## Directions for this task:
From the entries below, output the line with "c * twist T" and each following line up to and including the line with "proof (rule sum.reindex_bij_witness[where", exactly as written.

== Input material

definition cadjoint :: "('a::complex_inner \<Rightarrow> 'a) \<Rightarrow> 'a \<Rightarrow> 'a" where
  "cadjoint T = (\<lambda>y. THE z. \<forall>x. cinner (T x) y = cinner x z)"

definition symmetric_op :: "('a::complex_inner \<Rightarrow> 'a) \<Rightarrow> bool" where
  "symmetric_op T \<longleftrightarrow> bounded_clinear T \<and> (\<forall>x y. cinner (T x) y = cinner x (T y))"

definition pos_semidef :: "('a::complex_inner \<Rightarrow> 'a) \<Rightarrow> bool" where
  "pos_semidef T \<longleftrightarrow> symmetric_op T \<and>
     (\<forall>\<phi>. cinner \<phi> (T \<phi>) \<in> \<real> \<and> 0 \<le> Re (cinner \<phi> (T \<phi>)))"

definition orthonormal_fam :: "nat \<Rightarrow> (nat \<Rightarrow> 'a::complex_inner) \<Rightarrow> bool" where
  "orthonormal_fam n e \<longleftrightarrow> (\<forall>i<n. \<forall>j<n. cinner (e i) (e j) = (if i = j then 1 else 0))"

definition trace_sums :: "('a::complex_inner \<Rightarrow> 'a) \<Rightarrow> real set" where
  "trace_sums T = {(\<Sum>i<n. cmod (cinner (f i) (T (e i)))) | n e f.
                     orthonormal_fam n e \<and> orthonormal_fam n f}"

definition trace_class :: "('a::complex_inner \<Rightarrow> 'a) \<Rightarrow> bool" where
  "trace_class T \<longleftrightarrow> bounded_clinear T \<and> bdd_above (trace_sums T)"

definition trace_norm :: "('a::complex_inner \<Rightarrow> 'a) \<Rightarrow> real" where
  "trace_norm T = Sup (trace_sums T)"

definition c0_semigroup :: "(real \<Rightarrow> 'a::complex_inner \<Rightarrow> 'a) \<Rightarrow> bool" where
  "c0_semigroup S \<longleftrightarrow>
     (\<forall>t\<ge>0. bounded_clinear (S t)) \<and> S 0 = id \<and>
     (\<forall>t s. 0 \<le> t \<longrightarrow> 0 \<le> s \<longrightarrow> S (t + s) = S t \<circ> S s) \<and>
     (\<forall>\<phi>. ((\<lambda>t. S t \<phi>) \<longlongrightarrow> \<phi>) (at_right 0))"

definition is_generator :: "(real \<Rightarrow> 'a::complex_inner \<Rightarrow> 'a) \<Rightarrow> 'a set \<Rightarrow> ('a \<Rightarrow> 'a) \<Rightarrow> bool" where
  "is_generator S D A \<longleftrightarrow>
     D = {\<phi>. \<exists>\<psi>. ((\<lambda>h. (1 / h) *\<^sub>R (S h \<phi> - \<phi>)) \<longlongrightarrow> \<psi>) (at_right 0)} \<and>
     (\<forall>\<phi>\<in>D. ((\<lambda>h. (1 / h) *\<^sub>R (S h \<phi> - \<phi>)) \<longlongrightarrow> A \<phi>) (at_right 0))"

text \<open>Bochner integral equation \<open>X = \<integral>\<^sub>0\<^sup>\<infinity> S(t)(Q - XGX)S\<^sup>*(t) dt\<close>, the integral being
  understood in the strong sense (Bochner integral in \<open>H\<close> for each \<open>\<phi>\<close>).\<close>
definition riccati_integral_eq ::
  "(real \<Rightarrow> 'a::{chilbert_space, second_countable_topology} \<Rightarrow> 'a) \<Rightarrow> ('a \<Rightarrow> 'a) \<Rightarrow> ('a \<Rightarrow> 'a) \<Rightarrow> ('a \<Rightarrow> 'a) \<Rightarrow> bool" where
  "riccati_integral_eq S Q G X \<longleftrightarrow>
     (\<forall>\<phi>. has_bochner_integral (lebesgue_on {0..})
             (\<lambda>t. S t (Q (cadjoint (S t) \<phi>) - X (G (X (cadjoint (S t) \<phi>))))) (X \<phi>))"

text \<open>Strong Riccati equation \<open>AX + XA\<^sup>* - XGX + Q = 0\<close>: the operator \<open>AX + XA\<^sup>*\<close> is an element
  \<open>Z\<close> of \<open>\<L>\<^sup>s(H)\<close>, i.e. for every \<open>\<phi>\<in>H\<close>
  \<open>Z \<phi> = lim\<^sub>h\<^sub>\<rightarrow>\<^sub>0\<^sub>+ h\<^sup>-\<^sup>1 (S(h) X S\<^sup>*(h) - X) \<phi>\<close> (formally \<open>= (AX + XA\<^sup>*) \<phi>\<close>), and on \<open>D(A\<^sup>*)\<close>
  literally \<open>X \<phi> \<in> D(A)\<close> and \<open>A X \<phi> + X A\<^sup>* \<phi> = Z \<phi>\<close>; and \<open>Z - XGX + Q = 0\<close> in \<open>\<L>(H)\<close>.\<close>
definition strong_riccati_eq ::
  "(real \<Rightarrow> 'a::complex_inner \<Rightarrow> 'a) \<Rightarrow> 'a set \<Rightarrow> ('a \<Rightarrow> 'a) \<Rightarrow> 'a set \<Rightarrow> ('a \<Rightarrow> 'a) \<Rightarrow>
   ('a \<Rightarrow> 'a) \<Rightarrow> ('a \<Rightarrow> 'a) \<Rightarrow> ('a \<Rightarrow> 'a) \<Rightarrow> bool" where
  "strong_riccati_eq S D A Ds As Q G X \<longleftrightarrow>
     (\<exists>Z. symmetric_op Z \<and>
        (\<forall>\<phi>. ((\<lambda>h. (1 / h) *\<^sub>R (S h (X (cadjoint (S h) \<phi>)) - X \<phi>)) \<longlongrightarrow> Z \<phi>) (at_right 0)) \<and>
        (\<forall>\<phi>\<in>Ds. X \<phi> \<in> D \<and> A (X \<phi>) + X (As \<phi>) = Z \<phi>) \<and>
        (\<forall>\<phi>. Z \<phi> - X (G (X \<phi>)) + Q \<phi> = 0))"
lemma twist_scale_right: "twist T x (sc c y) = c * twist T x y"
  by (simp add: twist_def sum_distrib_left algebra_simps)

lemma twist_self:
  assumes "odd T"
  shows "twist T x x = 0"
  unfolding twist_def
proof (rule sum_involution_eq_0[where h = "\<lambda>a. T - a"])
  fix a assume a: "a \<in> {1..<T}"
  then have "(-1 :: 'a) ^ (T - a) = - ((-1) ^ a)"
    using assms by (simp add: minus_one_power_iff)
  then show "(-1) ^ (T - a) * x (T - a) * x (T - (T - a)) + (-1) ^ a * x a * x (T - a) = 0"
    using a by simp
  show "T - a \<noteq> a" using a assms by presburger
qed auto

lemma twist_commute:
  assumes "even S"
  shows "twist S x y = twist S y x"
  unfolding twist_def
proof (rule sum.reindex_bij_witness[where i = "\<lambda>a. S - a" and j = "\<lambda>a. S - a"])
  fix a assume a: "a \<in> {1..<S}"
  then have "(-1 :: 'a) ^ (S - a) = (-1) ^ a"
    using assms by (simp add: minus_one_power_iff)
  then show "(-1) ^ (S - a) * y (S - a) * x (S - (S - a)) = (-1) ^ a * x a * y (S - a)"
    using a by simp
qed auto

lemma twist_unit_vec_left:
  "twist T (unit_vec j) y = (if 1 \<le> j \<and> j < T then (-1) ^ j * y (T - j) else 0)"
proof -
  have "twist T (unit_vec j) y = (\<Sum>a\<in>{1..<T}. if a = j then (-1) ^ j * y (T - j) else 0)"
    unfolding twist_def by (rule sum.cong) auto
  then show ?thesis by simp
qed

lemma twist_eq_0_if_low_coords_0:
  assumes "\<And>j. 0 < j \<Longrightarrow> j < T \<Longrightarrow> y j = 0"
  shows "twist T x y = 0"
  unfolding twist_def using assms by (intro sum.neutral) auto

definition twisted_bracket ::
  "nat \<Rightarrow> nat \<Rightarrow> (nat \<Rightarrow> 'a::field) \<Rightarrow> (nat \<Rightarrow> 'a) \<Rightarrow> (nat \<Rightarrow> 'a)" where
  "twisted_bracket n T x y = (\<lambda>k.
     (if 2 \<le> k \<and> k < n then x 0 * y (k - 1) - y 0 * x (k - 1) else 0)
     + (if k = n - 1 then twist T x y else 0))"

====

## Output below:
lemma twist_scale_right: "twist T x (sc c y) = c * twist T x y"
  by (simp add: twist_def sum_distrib_left algebra_simps)

lemma twist_self:
  assumes "odd T"
  shows "twist T x x = 0"
  unfolding twist_def
proof (rule sum_involution_eq_0[where h = "\<lambda>a. T - a"])
  fix a assume a: "a \<in> {1..<T}"
  then have "(-1 :: 'a) ^ (T - a) = - ((-1) ^ a)"
    using assms by (simp add: minus_one_power_iff)
  then show "(-1) ^ (T - a) * x (T - a) * x (T - (T - a)) + (-1) ^ a * x a * x (T - a) = 0"
    using a by simp
  show "T - a \<noteq> a" using a assms by presburger
qed auto

lemma twist_commute:
  assumes "even S"
  shows "twist S x y = twist S y x"
  unfolding twist_def
proof (rule sum.reindex_bij_witness[where i = "\<lambda>a. S - a" and j = "\<lambda>a. S - a"])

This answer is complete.